RAS G12V突变是胰腺癌、结直肠癌和非小细胞肺癌中最常见的致癌驱动因素之一。在肿瘤细胞内，RAS G12V主要以活性gtp结合（RAS(ON)）状态存在，导致过度的下游致癌信号传导。RAS G12V的内在GTP水解率比KRAS G12C低约12倍，使细胞RAS G12V池偏向于ON状态，强调了靶向RAS G12V（ON）对最大程度抑制这一致癌驱动因子的重要性。此外，迄今为止，利用传统的小分子技术实现RAS G12V对野生型RAS的选择性是极具挑战性的，因为Val-12残基既不适合共价抑制，也不适合极性、非共价相互作用的形成。研究药物rmmc -5127是一种有效的口服生物可利用的RAS (ON) g12v选择性非共价三络合物抑制剂。在KRAS G12V突变癌细胞中，RMC-5127在KRAS G12V（ON）和亲环蛋白a （CypA）之间形成一个三复合物，通过位位阻断和KRAS G12V（ON）信号的消失，几乎立即破坏RAS效应物的结合。rmmc -5127在体外抑制多种KRAS G12V成瘾的人癌细胞系的ERK磷酸化和细胞生长，并且在KRAS G12V突变的小鼠皮下异种肿瘤移植模型中，单剂量诱导剂量依赖性、深度和持久的体内RAS通路激活抑制。在一组含有KRAS G12V的临床前PDAC和NSCLC模型中，rmmc -5127单药治疗在大多数模型中诱导肿瘤消退，并且耐受性良好。此外，在naïve小鼠全脑中观察到rmmc -5127的剂量依赖性暴露，表明该化合物具有脑渗透性，并且rmmc -5127在相关的颅内KRAS G12V突变肿瘤异种移植模型中表现出深刻的抗肿瘤活性，并且在耐受良好的剂量下观察到回归。引用格式：Anne Edwards。口服RAS (ON) g12v选择性非共价三络合物抑制剂rmmc -5127的发现[摘要]。摘自：《2025年美国癌症研究协会年会论文集》；第二部分（最新进展，临床试验，并邀请s）；2025年4月25日至30日；费城（PA）： AACR；中国癌症杂志，2015;35(8):391 - 391。
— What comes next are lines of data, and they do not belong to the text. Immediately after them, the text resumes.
(* Let $\epsilon, b, c \in \mathbb{C}$ with $\epsilon\neq 0$ and $1-\tfrac13\epsilon^2 b\neq 0$. Consider the map $\Phi:(x,y)\mapsto(\widetilde x,\widetilde y)$ of $\mathbb{C}^2$ defined implicitly by the system (linear in $(\widetilde x,\widetilde y)$, hence defining a birational map) \[ \frac{\widetilde x - x}{\epsilon}=x\widetilde y+\widetilde x y, \qquad \frac{\widetilde y-y}{\epsilon}= b+c(1-\epsilon^2b)(x+\widetilde x)+\big(1-\epsilon^2c^2(2-\epsilon^2b)\big)x \widetilde x -(2-\epsilon^2b)\,y \widetilde y . \] Set \[ p=\frac{(1-\epsilon^2 b)(1-\frac{1}{2}\epsilon^2 b)}{1-\frac{1}{3}\epsilon^2b},\qquad a_1=1-\epsilon^2b-\tfrac{4}{3}\epsilon^2c^2p,\qquad c_1=cp, \] \[ m_1=1+\epsilon y+\epsilon(1-\epsilon c)x,\quad m_2=1+\epsilon y-\epsilon(1+\epsilon c)x,\quad m_3=1-\epsilon y+\epsilon(1-\epsilon c)x,\quad m_4=1-\epsilon y-\epsilon(1+\epsilon c)x . \] Then $\Phi$ is integrable in the sense that the rational function \[ H(x,y;\epsilon)=\frac{x^2\big((1-\frac{1}{2}\epsilon^2b)y^2-\frac{1}{4}a_1x^2-\frac{2}{3}c_1x-\frac{1}{2}b\big)}{m_1(x,y)\,m_2(x,y)\,m_3(x,y)\,m_4(x,y)} \] satisfies $H(\widetilde x,\widetilde y;\epsilon)=H(x,y;\epsilon)$ for all $(x,y)$ at which $\Phi$ and both sides are defined.
   Context: This map is a modification of the Kahan discretization of the planar system $\dot x=2xy$, $\dot y=b+2cx+x^2-2y^2$ (whose standard Kahan discretization is $(\widetilde x-x)/\epsilon=\widetilde x y+x\widetilde y$, $(\widetilde y-y)/\epsilon=b+c(x+\widetilde x)+x\widetilde x-2y\widetilde y$). An integral of motion of a map $\Phi$ is a (nonconstant) function $H$ with $H\circ\Phi=H$. *)

theory Defs
  imports Complex_Main
begin

definition phi_rel :: "complex \<Rightarrow> complex \<Rightarrow> complex \<Rightarrow> complex \<Rightarrow> complex \<Rightarrow> complex \<Rightarrow> complex \<Rightarrow> bool" where
  "phi_rel eps b c x y xt yt \<longleftrightarrow>
     (xt - x) / eps = x * yt + xt * y \<and>
     (yt - y) / eps = b + c * (1 - eps^2 * b) * (x + xt)
        + (1 - eps^2 * c^2 * (2 - eps^2 * b)) * x * xt - (2 - eps^2 * b) * y * yt"

definition phi_defined :: "complex \<Rightarrow> complex \<Rightarrow> complex \<Rightarrow> complex \<Rightarrow> complex \<Rightarrow> bool" where
  "phi_defined eps b c x y \<longleftrightarrow> (\<exists>!q. phi_rel eps b c x y (fst q) (snd q))"

definition p_par :: "complex \<Rightarrow> complex \<Rightarrow> complex" where
  "p_par eps b = (1 - eps^2 * b) * (1 - eps^2 * b / 2) / (1 - eps^2 * b / 3)"

definition a1_par :: "complex \<Rightarrow> complex \<Rightarrow> complex \<Rightarrow> complex" where
  "a1_par eps b c = 1 - eps^2 * b - 4/3 * eps^2 * c^2 * p_par eps b"

definition c1_par :: "complex \<Rightarrow> complex \<Rightarrow> complex \<Rightarrow> complex" where
  "c1_par eps b c = c * p_par eps b"

definition m1 :: "complex \<Rightarrow> complex \<Rightarrow> complex \<Rightarrow> complex \<Rightarrow> complex" where
  "m1 eps c x y = 1 + eps * y + eps * (1 - eps * c) * x"
definition m2 :: "complex \<Rightarrow> complex \<Rightarrow> complex \<Rightarrow> complex \<Rightarrow> complex" where
  "m2 eps c x y = 1 + eps * y - eps * (1 + eps * c) * x"
definition m3 :: "complex \<Rightarrow> complex \<Rightarrow> complex \<Rightarrow> complex \<Rightarrow> complex" where
  "m3 eps c x y = 1 - eps * y + eps * (1 - eps * c) * x"
definition m4 :: "complex \<Rightarrow> complex \<Rightarrow> complex \<Rightarrow> complex \<Rightarrow> complex" where
  "m4 eps c x y = 1 - eps * y - eps * (1 + eps * c) * x"

definition mprod :: "complex \<Rightarrow> complex \<Rightarrow> complex \<Rightarrow> complex \<Rightarrow> complex" where
  "mprod eps c x y = m1 eps c x y * m2 eps c x y * m3 eps c x y * m4 eps c x y"

definition H :: "complex \<Rightarrow> complex \<Rightarrow> complex \<Rightarrow> complex \<Rightarrow> complex \<Rightarrow> complex" where
  "H eps b c x y =
     x^2 * ((1 - eps^2 * b / 2) * y^2 - a1_par eps b c * x^2 / 4 - 2/3 * c1_par eps b c * x - b / 2)
     / mprod eps c x y"

end

theory Submission
  imports Defs
begin

text \<open>The defining relations are linear in the image point, so by Cramer's rule the image has
  homogeneous coordinates \<open>(X : Y : D)\<close> that are polynomials in \<open>(x, y)\<close>, with \<open>D \<noteq> 0\<close> exactly
  where the map is defined. Clearing the denominator of \<open>p\<close>, the numerator and the denominator
  of \<open>H\<close> become quartic forms once homogenized, so the invariance of \<open>H\<close> reduces to one
  polynomial identity \<open>N(X,Y,D) M(x,y,1) = N(x,y,1) M(X,Y,D)\<close>, which is checked by ring
  normalization.\<close>

lemma unique_solution_cramer:
  fixes a11 a12 a21 a22 r1 r2 u v :: "'a::field"
  assumes unique: "\<exists>!q. a11 * fst q + a12 * snd q = r1 \<and> a21 * fst q + a22 * snd q = r2"
    and eq1: "a11 * u + a12 * v = r1" and eq2: "a21 * u + a22 * v = r2"
  shows "\<exists>d. d \<noteq> 0 \<and>
    (r1 * a22 - a12 * r2, a11 * r2 - a21 * r1, a11 * a22 - a12 * a21) = (d * u, d * v, d)"
proof (intro exI conjI)
  let ?d = "a11 * a22 - a12 * a21"
  have solves: "a11 * fst q + a12 * snd q = r1 \<and> a21 * fst q + a22 * snd q = r2 \<longleftrightarrow> q = (u, v)"
    for q using unique eq1 eq2 by (metis fst_conv snd_conv)
  show "?d \<noteq> 0"
  proof
    assume det: "?d = 0"
    \<comment> \<open>a nonzero kernel vector, added to \<open>(u, v)\<close>, gives a second solution\<close>
    obtain k where k: "k \<noteq> (0, 0)" "a11 * fst k + a12 * snd k = 0" "a21 * fst k + a22 * snd k = 0"
    proof (cases "a11 = 0 \<and> a12 = 0")
      case True
      show thesis
      proof (cases "a21 = 0 \<and> a22 = 0")
        case True
        with \<open>a11 = 0 \<and> a12 = 0\<close> show thesis by (intro that[of "(1, 0)"]) auto
      next
        case False
        with \<open>a11 = 0 \<and> a12 = 0\<close> show thesis
          by (intro that[of "(a22, - a21)"]) (auto simp: algebra_simps)
      qed
    next
      case False
      with det show thesis
        by (intro that[of "(a12, - a11)"]) (auto simp: algebra_simps)
    qed
    then have "(u + fst k, v + snd k) = (u, v)"
      using eq1 eq2 solves[of "(u + fst k, v + snd k)"] by (simp add: algebra_simps)
    with k(1) show False by (simp add: prod_eq_iff)
  qed
  show "(r1 * a22 - a12 * r2, a11 * r2 - a21 * r1, ?d) = (?d * u, ?d * v, ?d)"
    using eq1 eq2 by (auto simp: algebra_simps)
qed

lemma phi_rel_iff_linear_system:
  assumes "eps \<noteq> 0"
  shows "phi_rel eps b c x y u v \<longleftrightarrow>
    (1 - eps * y) * u + (- eps * x) * v = x \<and>
    (- eps * (c * (1 - eps^2 * b) + (1 - eps^2 * c^2 * (2 - eps^2 * b)) * x)) * u
      + (1 + eps * (2 - eps^2 * b) * y) * v = y + eps * b + eps * c * (1 - eps^2 * b) * x"
  unfolding phi_rel_def using assms by (simp add: field_simps)

definition kahan_hom_image :: "complex \<Rightarrow> complex \<Rightarrow> complex \<Rightarrow> complex \<Rightarrow> complex \<Rightarrow> complex \<times> complex \<times> complex"
  where "kahan_hom_image eps b c x y =
    (let a11 = 1 - eps * y; a12 = - eps * x;
         a21 = - eps * (c * (1 - eps^2 * b) + (1 - eps^2 * c^2 * (2 - eps^2 * b)) * x);
         a22 = 1 + eps * (2 - eps^2 * b) * y;
         r1 = x; r2 = y + eps * b + eps * c * (1 - eps^2 * b) * x
     in (r1 * a22 - a12 * r2, a11 * r2 - a21 * r1, a11 * a22 - a12 * a21))"

lemma kahan_hom_image_eq:
  assumes "eps \<noteq> 0" and "phi_defined eps b c x y" and "phi_rel eps b c x y xt yt"
  shows "\<exists>d. d \<noteq> 0 \<and> kahan_hom_image eps b c x y = (d * xt, d * yt, d)"
  using assms(2,3) unfolding phi_defined_def phi_rel_iff_linear_system[OF assms(1)]
    kahan_hom_image_def Let_def
  by (blast intro: unique_solution_cramer)

text \<open>\<open>integral_num\<close> is the homogenized numerator of \<open>H\<close> multiplied by \<open>12 (1 - \<epsilon>\<^sup>2 b / 3)\<close>,
  which clears the denominator of \<open>p\<close>.\<close>

definition integral_num :: "complex \<Rightarrow> complex \<Rightarrow> complex \<Rightarrow> complex \<Rightarrow> complex \<Rightarrow> complex \<Rightarrow> complex"
  where "integral_num eps b c u v w =
    u^2 * (2 * (3 - eps^2 * b) * (2 - eps^2 * b) * v^2
      - (1 - eps^2 * b) * (3 - eps^2 * b - 2 * eps^2 * c^2 * (2 - eps^2 * b)) * u^2
      - 4 * c * (1 - eps^2 * b) * (2 - eps^2 * b) * u * w - 2 * (3 - eps^2 * b) * b * w^2)"

definition integral_den :: "complex \<Rightarrow> complex \<Rightarrow> complex \<Rightarrow> complex \<Rightarrow> complex \<Rightarrow> complex"
  where "integral_den eps c u v w =
    (w + eps * v + eps * (1 - eps * c) * u) * (w + eps * v - eps * (1 + eps * c) * u)
      * (w - eps * v + eps * (1 - eps * c) * u) * (w - eps * v - eps * (1 + eps * c) * u)"

lemma integral_num_homogeneous:
  "integral_num eps b c (d * u) (d * v) (d * w) = d^4 * integral_num eps b c u v w"
  unfolding integral_num_def by algebra

lemma integral_den_homogeneous:
  "integral_den eps c (d * u) (d * v) (d * w) = d^4 * integral_den eps c u v w"
  unfolding integral_den_def by algebra

lemma mprod_eq_integral_den: "mprod eps c x y = integral_den eps c x y 1"
  unfolding mprod_def m1_def m2_def m3_def m4_def integral_den_def by simp

lemma H_eq_integral_quotient:
  assumes "1 - eps^2 * b / 3 \<noteq> 0"
  shows "H eps b c x y =
    integral_num eps b c x y 1 / (12 * (1 - eps^2 * b / 3) * integral_den eps c x y 1)"
proof -
  have p: "(1 - eps^2 * b / 3) * p_par eps b = (1 - eps^2 * b) * (1 - eps^2 * b / 2)"
    unfolding p_par_def using assms by simp
  have num: "integral_num eps b c x y 1 = 12 * (1 - eps^2 * b / 3) *
    (x^2 * ((1 - eps^2 * b / 2) * y^2 - a1_par eps b c * x^2 / 4 - 2/3 * c1_par eps b c * x - b / 2))"
    using p unfolding integral_num_def a1_par_def c1_par_def power_one mult_1_right by algebra
  have "12 * (1 - eps^2 * b / 3) \<noteq> 0" using assms by (simp add: mult.commute)
  then show ?thesis
    unfolding H_def num mprod_eq_integral_den by simp
qed

lemma integral_cross_invariant:
  assumes "kahan_hom_image eps b c x y = (u, v, w)"
  shows "integral_num eps b c u v w * integral_den eps c x y 1
    = integral_num eps b c x y 1 * integral_den eps c u v w"
  using assms unfolding kahan_hom_image_def Let_def integral_num_def integral_den_def
    power_one mult_1_right
  by (elim Pair_inject) (hypsubst_thin, algebra)

theorem theorem2:
  fixes eps b c x y xt yt :: complex
  assumes "eps \<noteq> 0"
    and "1 - eps^2 * b / 3 \<noteq> 0"
    and "phi_defined eps b c x y"
    and "phi_rel eps b c x y xt yt"
    and "mprod eps c x y \<noteq> 0"
    and "mprod eps c xt yt \<noteq> 0"
  shows "H eps b c xt yt = H eps b c x y"
proof -
  let ?N = "integral_num eps b c" and ?M = "integral_den eps c"
  obtain d where "d \<noteq> 0" and image: "kahan_hom_image eps b c x y = (d * xt, d * yt, d * 1)"
    using kahan_hom_image_eq[OF assms(1,3,4)] by auto
  have "d^4 * (?N xt yt 1 * ?M x y 1) = d^4 * (?N x y 1 * ?M xt yt 1)"
    using integral_cross_invariant[OF image]
    unfolding integral_num_homogeneous integral_den_homogeneous by (simp add: ac_simps)
  with \<open>d \<noteq> 0\<close> have cross: "?N xt yt 1 * ?M x y 1 = ?N x y 1 * ?M xt yt 1" by simp
  have "?M x y 1 \<noteq> 0" "?M xt yt 1 \<noteq> 0"
    using assms(5,6) unfolding mprod_eq_integral_den .
  with cross show ?thesis
    unfolding H_eq_integral_quotient[OF assms(2)] using assms(2)
    by (simp add: frac_eq_eq mult.commute mult.left_commute)
qed

end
本文章由计算机程序翻译，如有差异，请以英文原文为准。

求助全文

约1分钟内获得全文求助全文

来源期刊

Cancer research 医学-肿瘤学

CiteScore

16.10

自引率

0.90%

发文量

7677

审稿时长

2.5 months

期刊介绍： Cancer Research, published by the American Association for Cancer Research (AACR), is a journal that focuses on impactful original studies, reviews, and opinion pieces relevant to the broad cancer research community. Manuscripts that present conceptual or technological advances leading to insights into cancer biology are particularly sought after. The journal also places emphasis on convergence science, which involves bridging multiple distinct areas of cancer research. With primary subsections including Cancer Biology, Cancer Immunology, Cancer Metabolism and Molecular Mechanisms, Translational Cancer Biology, Cancer Landscapes, and Convergence Science, Cancer Research has a comprehensive scope. It is published twice a month and has one volume per year, with a print ISSN of 0008-5472 and an online ISSN of 1538-7445. Cancer Research is abstracted and/or indexed in various databases and platforms, including BIOSIS Previews (R) Database, MEDLINE, Current Contents/Life Sciences, Current Contents/Clinical Medicine, Science Citation Index, Scopus, and Web of Science.